On Wed, Jul 07, 2010 at 09:56:08AM +0100, Patrick Browne wrote:
> Hi,
> In Haskell what roles are played by 1)lambda calculus and 2) equational
> logic? Are these roles related?
> 
> Hopefully this question can be answered at a level suitable for this forum.

Since no one else has responded I'll take a quick stab at answering,
and others can fill in more information as appropriate, or ask further
questions.

  1) In general, the lambda calculus is seen as foundational
     conceptual basis for functional programming: Haskell has
     anonymous lambda expressions, higher-order functions, and
     currying, all of which come directly from the lambda calculus.

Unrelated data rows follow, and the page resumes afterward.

(* Let $\mathfrak q$ be a Morse quasi-geodesic in a CAT(0) metric space $(X,\mathrm{dist})$. Then the divergence of $\mathfrak q$ satisfies $\mathrm{Div}^{\mathfrak q}\succeq x^2$, i.e. $x^2\preceq \mathrm{Div}^{\mathfrak q}_\gamma(x)$.
   Context: A $(L,C)$-quasi-geodesic is a map $q$ from a connected subset of $\mathbb R$ to $X$ with $\frac1L|s-t|-C\le\mathrm{dist}(q(s),q(t))\le L|s-t|+C$. A bi-infinite quasi-geodesic $\mathfrak q:\mathbb R\to X$ is Morse if for all $L\ge1,C\ge0$ there is $M=M(L,C)$ such that every $(L,C)$-quasi-geodesic with endpoints on $\mathfrak q$ lies in the $M$-neighborhood of $\mathfrak q$. Divergence of a quasi-geodesic: for fixed $\delta\in(0,1)$, $\gamma\ge0$ and $a,b,c\in X$ with $r=\mathrm{dist}(c,\{a,b\})>0$, $\mathrm{div}_\gamma(a,b,c;\delta)$ is the infimum of lengths of paths joining $a,b$ and avoiding the open ball $B(c,\delta r-\gamma)$; $\mathrm{Div}^{\mathfrak q}_\gamma(r)=\mathrm{div}_\gamma(\mathfrak q(r),\mathfrak q(-r),\mathfrak q(0);\delta)$. Order: $f\preceq g$ if there is $C\ge1$ with $f(x)\le Cg(Cx+C)+Cx+C$ for all $x\ge0$; $g\succeq f$ means $f\preceq g$. *)

theory Defs
  imports "HOL-Analysis.Analysis" "HOL-Library.Extended_Real"
begin

definition geodesic_seg :: "(real \<Rightarrow> 'a::metric_space) \<Rightarrow> 'a \<Rightarrow> 'a \<Rightarrow> bool" where
  "geodesic_seg g x y \<longleftrightarrow> g 0 = x \<and> g (dist x y) = y \<and>
     (\<forall>s\<in>{0..dist x y}. \<forall>t\<in>{0..dist x y}. dist (g s) (g t) = \<bar>s - t\<bar>)"

definition geodesic_space :: "'a::metric_space itself \<Rightarrow> bool" where
  "geodesic_space TYPE('a) \<longleftrightarrow> (\<forall>x y :: 'a. \<exists>g. geodesic_seg g x y)"

text \<open>Pairs (point on the side [a,b] given by geodesic g, corresponding point on the
  side [a',b'] of the Euclidean comparison triangle in the plane (= complex numbers)).\<close>
definition side_pairs :: "(real \<Rightarrow> 'a::metric_space) \<Rightarrow> 'a \<Rightarrow> 'a \<Rightarrow> complex \<Rightarrow> complex \<Rightarrow> ('a \<times> complex) set" where
  "side_pairs g a b a' b' =
     {(g s, a' + complex_of_real (s / dist a b) * (b' - a')) | s. s \<in> {0..dist a b}}"

definition CAT0_space :: "'a::metric_space itself \<Rightarrow> bool" where
  "CAT0_space TYPE('a) \<longleftrightarrow> geodesic_space TYPE('a) \<and>
    (\<forall>x y z :: 'a. \<forall>g h k. geodesic_seg g x y \<and> geodesic_seg h y z \<and> geodesic_seg k z x \<longrightarrow>
      (\<forall>x' y' z' :: complex. dist x' y' = dist x y \<and> dist y' z' = dist y z \<and> dist z' x' = dist z x \<longrightarrow>
        (let S = side_pairs g x y x' y' \<union> side_pairs h y z y' z' \<union> side_pairs k z x z' x' in
          \<forall>(p, p') \<in> S. \<forall>(r, r') \<in> S. dist p r \<le> dist p' r')))"

definition quasi_geodesic :: "real \<Rightarrow> real \<Rightarrow> real set \<Rightarrow> (real \<Rightarrow> 'a::metric_space) \<Rightarrow> bool" where
  "quasi_geodesic L C I p \<longleftrightarrow> L \<ge> 1 \<and> C \<ge> 0 \<and> connected I \<and>
     (\<forall>s\<in>I. \<forall>t\<in>I. \<bar>s - t\<bar> / L - C \<le> dist (p s) (p t) \<and> dist (p s) (p t) \<le> L * \<bar>s - t\<bar> + C)"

     More specifically, GHC's core language is based on a variant of
     System F omega, which is a fancy version of the simply-typed
     lambda calculus with polymorphism and type constructors.  If you
     were to print out the core language code generated by GHC for
     some Haskell program, you would essentially see a bunch of lambda
     calculus expressions.

  2) Haskell is able to embrace equational logic because of its
     insistence on purity: in a Haskell program (leaving aside for the
     moment things like seq and unsafePerformIO) you can always
     "replace equals by equals" (where equality is the normal
     beta-equality for System F omega, plus definitional equality
     introduced by Haskell declarations) without changing the
     semantics of your program. So the story of an equational logic
     for System F omega and the story of evaluating Haskell programs
     are to a large extent the same story.  Coming up with equational
     logics corresponding to most imperative languages (or even a
     non-pure functional language like OCaml) is massively complicated
     by the need to keep track of an implicit "state of the world" due
     to the presence of side effects.

I am not sure what to say about their relationship.  Perhaps my above
answers have already shed some light on that.